The polymerization of IB was carried out in a microflow system composed of three T-shaped micromixers (M1 for the mixing of IB and diluent, CH₂Cl₂), M2 for the mixing of IB solution and catalytic complex solution, and M3 for the injection of terminator agent, ethanol), two precooling (or preheating) coiled tubes (C1 and C2, inner diameter 900 μm), and a microtube reactor (R, inner diameter 900 μm), as shown in Fig. 1. The polymerization of IB proceeds throughout R1, and the reaction time could be changed by the flow rate and the length of R1. Three syringe pumps were used to deliver IB, CH₂Cl₂, and catalytic complex solution, respectively. IB transferred as vapour from cylinder was liquefied at −30 °C into the syringe and perfused under a pressure of about 3 bars. The additional CH₂Cl₂ was introduced to adjust IB concentration in the reaction system.

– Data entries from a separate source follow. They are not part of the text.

lemma sum_card_filter_swap:
  assumes "finite K" "finite D"
  shows "(\<Sum>u\<in>K. card {g\<in>D. R u g}) = (\<Sum>g\<in>D. card {u\<in>K. R u g})"
proof -
  have "card {g\<in>D. R u g} = (\<Sum>g\<in>D. if R u g then 1 else 0)" for u
    using assms(2) by (simp add: sum.If_cases Int_def)
  moreover have "card {u\<in>K. R u g} = (\<Sum>u\<in>K. if R u g then 1 else 0)" for g
    using assms(1) by (simp add: sum.If_cases Int_def)
  ultimately show ?thesis by (simp add: sum.swap[of _ K D])
qed

lemma sum_degree_eq_twice_card:
  assumes "finite K" "finite D" "\<forall>g\<in>D. ends g \<subseteq> K \<and> card (ends g) = 2"
  shows "(\<Sum>u\<in>K. card {g\<in>D. u \<in> ends g}) = 2 * card D"
proof -
  have "(\<Sum>u\<in>K. card {g\<in>D. u \<in> ends g}) = (\<Sum>g\<in>D. card {u\<in>K. u \<in> ends g})"
    by (rule sum_card_filter_swap[OF assms(1,2)])
  also have "\<dots> = (\<Sum>g\<in>D. 2)"
  proof (rule sum.cong[OF refl])
    fix g assume "g \<in> D"
    then have "{u\<in>K. u \<in> ends g} = ends g" "card (ends g) = 2" using assms(3) by auto
    then show "card {u\<in>K. u \<in> ends g} = 2" by simp
  qed
  finally show ?thesis by simp
qed

text \<open>Otherwise the component of \<open>a\<close> in \<open>C - {f}\<close> would have an odd degree sum,
since \<open>a\<close> has degree 1 there and all its other vertices have degree 2.\<close>

lemma cycle_reach_without_edge:
  assumes cyc: "is_cycle ends C" and two: "\<forall>g\<in>C. card (ends g) = 2"
    and f: "f \<in> C" "ends f = {a, b}"
  shows "reach ends (C - {f}) a b"
proof (rule ccontr)
  assume nr: "\<not> reach ends (C - {f}) a b"
  define D where "D = C - {f}"
  define U where "U = \<Union>(ends ` C)"
  define K where "K = {u\<in>U. reach ends D a u}"
  define DK where "DK = {g\<in>D. ends g \<subseteq> K}"
  have finC: "finite C" using cyc by (simp add: is_cycle_def)
  have "finite U" unfolding U_def using finC two by (auto intro: card_ge_0_finite)
  then have finK: "finite K" by (simp add: K_def)
  have finDK: "finite DK" using finC by (simp add: DK_def D_def)
  have aK: "a \<in> K" using f by (auto simp: K_def U_def reach_refl)
  have bK: "b \<notin> K" using nr by (simp add: K_def D_def)
  have closed: "ends g \<subseteq> K" if "u \<in> K" "g \<in> D" "u \<in> ends g" for u g
  proof
    fix w assume w: "w \<in> ends g"
    obtain p q where "ends g = {p, q}" using two \<open>g \<in> D\<close> by (auto simp: D_def card_2_iff)
    then have "ends g = {u, w} \<or> u = w" using w \<open>u \<in> ends g\<close> by auto
    then have "reach ends D u w" using reach_edge[OF \<open>g \<in> D\<close>] reach_refl by metis
    then show "w \<in> K"
      using that w reach_trans[of ends D a u w] by (auto simp: K_def U_def D_def)
  qed
  have degD: "card {g\<in>DK. u \<in> ends g} = (if u = a then 1 else 2)" if "u \<in> K" for u
  proof -
    have "card {g\<in>C. u \<in> ends g} = 2"
      using cyc that unfolding is_cycle_def K_def U_def by blast
    moreover have "C = insert f D" "f \<notin> D" using f by (auto simp: D_def)
    moreover have "u \<in> ends f \<longleftrightarrow> u = a" using f bK that by auto
    moreover have "{g\<in>D. u \<in> ends g} = {g\<in>DK. u \<in> ends g}"
      using closed[OF that] by (auto simp: DK_def)
    moreover have "finite D" using finC by (simp add: D_def)
    ultimately show ?thesis
      using card_filter_insert[of D f "\<lambda>g. u \<in> ends g"] by (cases "u = a") simp_all
  qed
  have even: "(\<Sum>u\<in>K. card {g\<in>DK. u \<in> ends g}) = 2 * card DK"
    using two by (intro sum_degree_eq_twice_card[OF finK finDK]) (auto simp: DK_def D_def)
  have "(\<Sum>u\<in>K. card {g\<in>DK. u \<in> ends g}) = (\<Sum>u\<in>K. if u = a then 1 else (2::nat))"
    using degD by (intro sum.cong) auto
  also have "\<dots> = 1 + 2 * card (K - {a})"
    using sum.remove[OF finK aK, of "\<lambda>u. if u = a then 1 else (2::nat)"] by simp
  finally show False using even by presburger
qed
lemma tendsto_mtrace_mult_adjoint:
  assumes X: "\<forall>\<^sub>F x in F. X x \<in> carrier_mat d d" and L: "L \<in> carrier_mat d d"
    and R: "R \<in> carrier_mat d d"
    and lim: "\<And>i j. i < d \<Longrightarrow> j < d \<Longrightarrow> ((\<lambda>x. X x $$ (i, j)) \<longlongrightarrow> L $$ (i, j)) F"
  shows "((\<lambda>x. mtrace (X x * mat_adjoint (X x) * R)) \<longlongrightarrow> mtrace (L * mat_adjoint L * R)) F"
proof -
  have "((\<lambda>x. \<Sum>i<d. \<Sum>l<d. (\<Sum>k<d. X x $$ (i, k) * cnj (X x $$ (l, k))) * R $$ (l, i))
      \<longlongrightarrow> mtrace (L * mat_adjoint L * R)) F"
    unfolding mtrace_mult_adjoint_mult_eq_sum[OF L R]
    by (intro tendsto_sum tendsto_mult tendsto_cnj tendsto_const lim) auto
  moreover have "\<forall>\<^sub>F x in F. (\<Sum>i<d. \<Sum>l<d. (\<Sum>k<d. X x $$ (i, k) * cnj (X x $$ (l, k))) * R $$ (l, i))
      = mtrace (X x * mat_adjoint (X x) * R)"
    using X by eventually_elim (simp add: mtrace_mult_adjoint_mult_eq_sum[OF _ R])
  ultimately show ?thesis by (rule Lim_transform_eventually)
qed

lemma tendsto_mtrace_diff_quot:
  assumes deriv: "has_right_deriv_mat d \<rho> \<rho>' \<theta>" and r: "\<rho> \<theta> \<in> carrier_mat d d"
    and s: "\<forall>\<^sub>F \<delta> in at_right 0. \<rho> (\<theta> + \<delta>) \<in> carrier_mat d d" and R: "R \<in> carrier_mat d d"
  shows "((\<lambda>\<delta>. mtrace (diff_quot \<rho> \<theta> \<delta> * mat_adjoint (diff_quot \<rho> \<theta> \<delta>) * R))
    \<longlongrightarrow> mtrace (\<rho>' * mat_adjoint \<rho>' * R)) (at_right 0)"
proof (rule tendsto_mtrace_mult_adjoint)
  show "\<rho>' \<in> carrier_mat d d" using deriv unfolding has_right_deriv_mat_def by blast
  show "\<forall>\<^sub>F \<delta> in at_right 0. diff_quot \<rho> \<theta> \<delta> \<in> carrier_mat d d"
    using s by eventually_elim (use r in \<open>auto simp: diff_quot_def\<close>)
  fix i j assume ij: "i < d" "j < d"
  then have "((\<lambda>t. \<rho> t $$ (i, j)) has_vector_derivative \<rho>' $$ (i, j)) (at \<theta> within {\<theta>..})"
    using deriv unfolding has_right_deriv_mat_def by blast
  then have "((\<lambda>\<delta>. (1 / \<delta>) *\<^sub>R (\<rho> (\<theta> + \<delta>) $$ (i, j) - \<rho> \<theta> $$ (i, j))) \<longlongrightarrow> \<rho>' $$ (i, j)) (at_right 0)"
    by (rule tendsto_right_diff_quot)
  moreover have "\<forall>\<^sub>F \<delta> in at_right 0.
      (1 / \<delta>) *\<^sub>R (\<rho> (\<theta> + \<delta>) $$ (i, j) - \<rho> \<theta> $$ (i, j)) = diff_quot \<rho> \<theta> \<delta> $$ (i, j)"
    using s by eventually_elim (use r ij in \<open>simp add: diff_quot_def scaleR_conv_of_real\<close>)
  ultimately show "((\<lambda>\<delta>. diff_quot \<rho> \<theta> \<delta> $$ (i, j)) \<longlongrightarrow> \<rho>' $$ (i, j)) (at_right 0)"
    by (rule Lim_transform_eventually)
qed (rule R)

(* The error |n ln (1 + x/n) - x| is at most 2 x\<^sup>2 / n once |x/n| \<le> 1/2. *)
lemma tendsto_power_one_plus_div:
  fixes x :: "nat \<Rightarrow> real"
  assumes x: "x \<longlonglongrightarrow> a"
  shows "(\<lambda>n. (1 + x n / real n) ^ n) \<longlonglongrightarrow> exp a"
proof -
  have y: "(\<lambda>n. x n / real n) \<longlonglongrightarrow> 0"
    using tendsto_mult[OF x lim_inverse_n'] by (simp add: divide_inverse)
  have "\<forall>\<^sub>F n in sequentially. \<bar>x n / real n\<bar> < 1/2"
    by (rule order_tendstoD(2)[OF tendsto_rabs_zero[OF y]]) simp
  then have small: "\<forall>\<^sub>F n in sequentially. n > 0 \<and> \<bar>x n / real n\<bar> \<le> 1/2"
    using eventually_gt_at_top[of 0] by eventually_elim auto
  have err: "(\<lambda>n. 2 * (x n)\<^sup>2 / real n) \<longlonglongrightarrow> 0"
    using tendsto_mult[OF tendsto_mult[OF tendsto_const[of 2] tendsto_power[OF x, of 2]] lim_inverse_n']
    by (simp add: divide_inverse)
  have "(\<lambda>n. real n * ln (1 + x n / real n) - x n) \<longlonglongrightarrow> 0"
  proof (rule Lim_null_comparison[OF _ err])
    show "\<forall>\<^sub>F n in sequentially. norm (real n * ln (1 + x n / real n) - x n) \<le> 2 * (x n)\<^sup>2 / real n"
      using small
    proof eventually_elim
      case (elim n)
      have "real n * ln (1 + x n / real n) - x n = real n * (ln (1 + x n / real n) - x n / real n)"
        using elim by (simp add: right_diff_distrib)
      then have "norm (real n * ln (1 + x n / real n) - x n) = real n * \<bar>ln (1 + x n / real n) - x n / real n\<bar>"
        by (simp add: abs_mult)
      also have "\<dots> \<le> real n * (2 * (x n / real n)\<^sup>2)"
        using abs_ln_one_plus_x_minus_x_bound[of "x n / real n"] elim by (intro mult_left_mono) auto
      also have "\<dots> = 2 * (x n)\<^sup>2 / real n"
        using elim by (simp add: power2_eq_square)
      finally show ?case .
    qed
  qed
  then have "(\<lambda>n. real n * ln (1 + x n / real n)) \<longlonglongrightarrow> a"
    using tendsto_add[OF _ x] by fastforce
  then have "(\<lambda>n. exp (real n * ln (1 + x n / real n))) \<longlonglongrightarrow> exp a"
    by (rule tendsto_exp)
  moreover have "\<forall>\<^sub>F n in sequentially. exp (real n * ln (1 + x n / real n)) = (1 + x n / real n) ^ n"
    using small
  proof eventually_elim
    case (elim n)
    then have "1 + x n / real n > 0" using abs_le_iff[of "x n / real n" "1/2"] by linarith
    then show ?case by (simp add: exp_of_nat_mult)
  qed
  ultimately show ?thesis by (rule Lim_transform_eventually)
qed

lemma tendsto_exp_square_quotient:
  "((\<lambda>h. (exp (h\<^sup>2 * J) - 1) / h\<^sup>2) \<longlongrightarrow> (J::real)) (at_right 0)"
proof -
  have "((\<lambda>y. exp (y * J)) has_field_derivative exp (0 * J) * J) (at 0)"
    by (auto intro!: derivative_eq_intros)
  then have "((\<lambda>y. (exp (y * J) - 1) / y) \<longlongrightarrow> J) (at 0)"
    unfolding has_field_derivative_iff by simp
  moreover have "filterlim (\<lambda>h::real. h\<^sup>2) (at 0) (at_right 0)"
  proof (rule filterlim_atI)
    show "((\<lambda>h::real. h\<^sup>2) \<longlongrightarrow> 0) (at_right 0)"
      by (auto intro!: tendsto_eq_intros)
    show "\<forall>\<^sub>F h in at_right 0. (h::real)\<^sup>2 \<noteq> 0"
      using eventually_at_right_less[of 0] by eventually_elim simp
  qed
  ultimately show ?thesis using filterlim_compose by fastforce
qed

lemma Limsup_Limsup_power_sqrt:
  fixes q :: "nat \<Rightarrow> real \<Rightarrow> real" and g :: "real \<Rightarrow> real"
  assumes g: "(g \<longlongrightarrow> J) (at_right 0)"
    and q: "\<forall>\<^sub>F \<delta> in at_right 0. \<forall>n. q n \<delta> = ((1 + \<delta>\<^sup>2 * g \<delta>) ^ n - 1) / \<delta>\<^sup>2"
  shows "Limsup (at_right 0) (\<lambda>h. Limsup sequentially
    (\<lambda>n. ereal (q n (h / sqrt (real n)) / (sqrt (real n))\<^sup>2))) = ereal J"
proof -
  have inner: "Limsup sequentially (\<lambda>n. ereal (q n (h / sqrt (real n)) / (sqrt (real n))\<^sup>2))
      = ereal ((exp (h\<^sup>2 * J) - 1) / h\<^sup>2)" if h: "h > 0" for h
  proof -
    have "(\<lambda>n. h / sqrt (real n)) \<longlonglongrightarrow> 0"
      by (intro tendsto_divide_0[OF tendsto_const] filterlim_at_top_imp_at_infinity
          filterlim_compose[OF sqrt_at_top filterlim_real_sequentially])
    moreover have "\<forall>\<^sub>F n in sequentially. h / sqrt (real n) > 0"
      using eventually_gt_at_top[of 0] by eventually_elim (use h in simp)
    ultimately have \<delta>: "filterlim (\<lambda>n. h / sqrt (real n)) (at_right 0) sequentially"
      by (rule tendsto_imp_filterlim_at_right)
    have "(\<lambda>n. (1 + h\<^sup>2 * g (h / sqrt (real n)) / real n) ^ n) \<longlonglongrightarrow> exp (h\<^sup>2 * J)"
      by (intro tendsto_power_one_plus_div tendsto_mult tendsto_const filterlim_compose[OF g \<delta>])
    with h have "(\<lambda>n. ((1 + h\<^sup>2 * g (h / sqrt (real n)) / real n) ^ n - 1) / h\<^sup>2)
        \<longlonglongrightarrow> (exp (h\<^sup>2 * J) - 1) / h\<^sup>2"
      by (intro tendsto_divide tendsto_diff tendsto_const) simp_all
    moreover have "\<forall>\<^sub>F n in sequentially.
        ((1 + h\<^sup>2 * g (h / sqrt (real n)) / real n) ^ n - 1) / h\<^sup>2
        = q n (h / sqrt (real n)) / (sqrt (real n))\<^sup>2"
      using eventually_compose_filterlim[OF q \<delta>] eventually_gt_at_top[of 0]
      by eventually_elim (use h in \<open>simp add: power_divide\<close>)
    ultimately have "(\<lambda>n. q n (h / sqrt (real n)) / (sqrt (real n))\<^sup>2) \<longlonglongrightarrow> (exp (h\<^sup>2 * J) - 1) / h\<^sup>2"
      by (rule Lim_transform_eventually)
    then show ?thesis
      by (intro lim_imp_Limsup tendsto_ereal) simp_all
  qed
  have "((\<lambda>h. Limsup sequentially (\<lambda>n. ereal (q n (h / sqrt (real n)) / (sqrt (real n))\<^sup>2)))
      \<longlongrightarrow> ereal J) (at_right 0)"
    using tendsto_ereal[OF tendsto_exp_square_quotient[of J]]
  proof (rule Lim_transform_eventually)
    show "\<forall>\<^sub>F h in at_right 0. ereal ((exp (h\<^sup>2 * J) - 1) / h\<^sup>2)
        = Limsup sequentially (\<lambda>n. ereal (q n (h / sqrt (real n)) / (sqrt (real n))\<^sup>2))"
      using eventually_at_right_less[of "0::real"] by eventually_elim (rule inner[symmetric])
  qed
  then show ?thesis by (intro lim_imp_Limsup) simp_all
qed

theorem mainTheorem6:
  fixes d :: nat and \<rho> :: "real \<Rightarrow> complex mat" and \<rho>' :: "complex mat"
    and \<Theta> :: "real set" and \<theta> :: real
  assumes model: "\<And>t. t \<in> \<Theta> \<Longrightarrow> faithful_state d (\<rho> t)"
    and theta_in: "\<theta> \<in> \<Theta>"
    and right_nbhd: "\<exists>\<epsilon>>0. {\<theta>..<\<theta> + \<epsilon>} \<subseteq> \<Theta>"
    and deriv: "has_right_deriv_mat d \<rho> \<rho>' \<theta>"
  shows "JR1 \<rho> \<theta> (\<lambda>n. sqrt (real n)) =
    ereal (Re (mtrace (\<rho> \<theta> * (minv (\<rho> \<theta>) * \<rho>') * mat_adjoint (minv (\<rho> \<theta>) * \<rho>'))))"
proof -
  have \<rho>: "faithful_state d (\<rho> \<theta>)" using model theta_in .
  note R = faithful_state_minv[OF \<rho>]
  obtain \<epsilon> where \<epsilon>: "\<epsilon> > 0" "{\<theta>..<\<theta> + \<epsilon>} \<subseteq> \<Theta>" using right_nbhd by blast
  have \<sigma>: "\<forall>\<^sub>F \<delta> in at_right 0. faithful_state d (\<rho> (\<theta> + \<delta>)) \<and> \<delta> \<noteq> 0"
    using eventually_at_right_real[OF \<epsilon>(1)]
    by eventually_elim (use \<epsilon>(2) in \<open>auto intro!: model simp: subset_eq\<close>)
  define g where
    "g \<delta> = Re (mtrace (diff_quot \<rho> \<theta> \<delta> * mat_adjoint (diff_quot \<rho> \<theta> \<delta>) * minv (\<rho> \<theta>)))" for \<delta>
  have "\<forall>\<^sub>F \<delta> in at_right 0. \<rho> (\<theta> + \<delta>) \<in> carrier_mat d d"
    using \<sigma> by eventually_elim (simp add: faithful_stateD)
  then have "(g \<longlongrightarrow> Re (mtrace (\<rho>' * mat_adjoint \<rho>' * minv (\<rho> \<theta>)))) (at_right 0)"
    unfolding g_def by (intro tendsto_Re tendsto_mtrace_diff_quot[OF deriv faithful_stateD(1)[OF \<rho>]] R(1))
  moreover have "\<forall>\<^sub>F \<delta> in at_right 0. \<forall>n.
      Re (mtrace (tpow (\<rho> \<theta>) n * LRn1 \<rho> n \<theta> \<delta> * mat_adjoint (LRn1 \<rho> n \<theta> \<delta>)))
      = ((1 + \<delta>\<^sup>2 * g \<delta>) ^ n - 1) / \<delta>\<^sup>2"
    using \<sigma> by eventually_elim (simp add: g_def Re_mtrace_tpow_LRn1[of d \<rho> \<theta>, OF \<rho>])
  ultimately have "JR1 \<rho> \<theta> (\<lambda>n. sqrt (real n))
      = ereal (Re (mtrace (\<rho>' * mat_adjoint \<rho>' * minv (\<rho> \<theta>))))"
    unfolding JR1_def by (rule Limsup_Limsup_power_sqrt)
  also have "\<rho>' * mat_adjoint \<rho>' * minv (\<rho> \<theta>)
      = \<rho> \<theta> * (minv (\<rho> \<theta>) * \<rho>') * mat_adjoint (minv (\<rho> \<theta>) * \<rho>')"
    using deriv unfolding has_right_deriv_mat_def
    by (intro mult_inverse_mult_adjoint[symmetric, OF faithful_stateD(1)[OF \<rho>] R(1) _ R(2) R(4)]) blast
  finally show ?thesis .
qed

end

Fig. 1 Schematic diagram of flow synthesis setup. M1, M2 and M3 are tees as micromixers; C1 and C2 are curved tubes for achieving the pre-set temperature; R1 is microtube as reactor.

Characterization

Molecular weight and dispersity of the polymers were measured by a Waters gel permeation chromatography (GPC) composed of a Waters 2707 auto sampler, a 1515 Isocratic HPLC pump, a 2414 refractive index detector and three GPC columns (the molecular weight could be detected from 500–4 × 10⁶) placed in a 38 °C thermostat. Tetrahydrofuran (THF) was used as the eluent at a flow rate of 1.0 mL min⁻¹. The instrument was calibrated with narrow molecular weight distribution polystyrene standards. The results were processed by the Breeze 2 software from Waters. Proton nuclear magnetic resonance (¹H NMR) spectra were recorded on a JNM-ECA 600 MHz spectrometer using CDCl₃ as solvents.

Results and discussion

Feasibility of fast HRPIB synthesis

Exploiting relatively low ⁱPr₂O and AlCl₃ concentrations (10 mmol L⁻¹ or less), we firstly conducted the polymerization of IB at 20 °C with the residence time of 12 s to test the feasibility of fast HRPIB synthesis. The results listed in Table 1 can be classified into two groups. The first group, including entries 1 to 3, is featured that the ⁱPr₂O concentration is clearly lower than the AlCl₃ concentration. In this group, the conventional PIBs containing mainly endo-, tri- or tetra-substituted double bonds were obtained, the polydispersity index (PDI) is around 5.0 or higher, and the conversion of monomers is kept at a high level (>80%). It should be noticed that the concentration of AlCl₃, much higher than the concentration of adventitious water, is always far lower than the concentration of PIB, indicating the occurrence of intensive chain transfer process. The second group, including entries 4 and 5, is featured that the ⁱPr₂O concentration is close to or higher than the AlCl₃ concentration. The PIBs with a high exo-olefin group content (>70%) and low PDI (<2.0) were obtained in this group, indicating a success in HPRIBs synthesis. With the increase of the ⁱPr₂O concentration, the conversion of monomers is still considerable but decreases to some extent. By comparison, the second group shows high and stable number-average molecular weight (M_n), but much weak chain transfer processes. Obviously, besides of regulating the end group distribution, the addition of ⁱPr₂O could decrease the conversion of monomers by reducing the chain propagation rate (related to PDI value) and the chain transfer rate.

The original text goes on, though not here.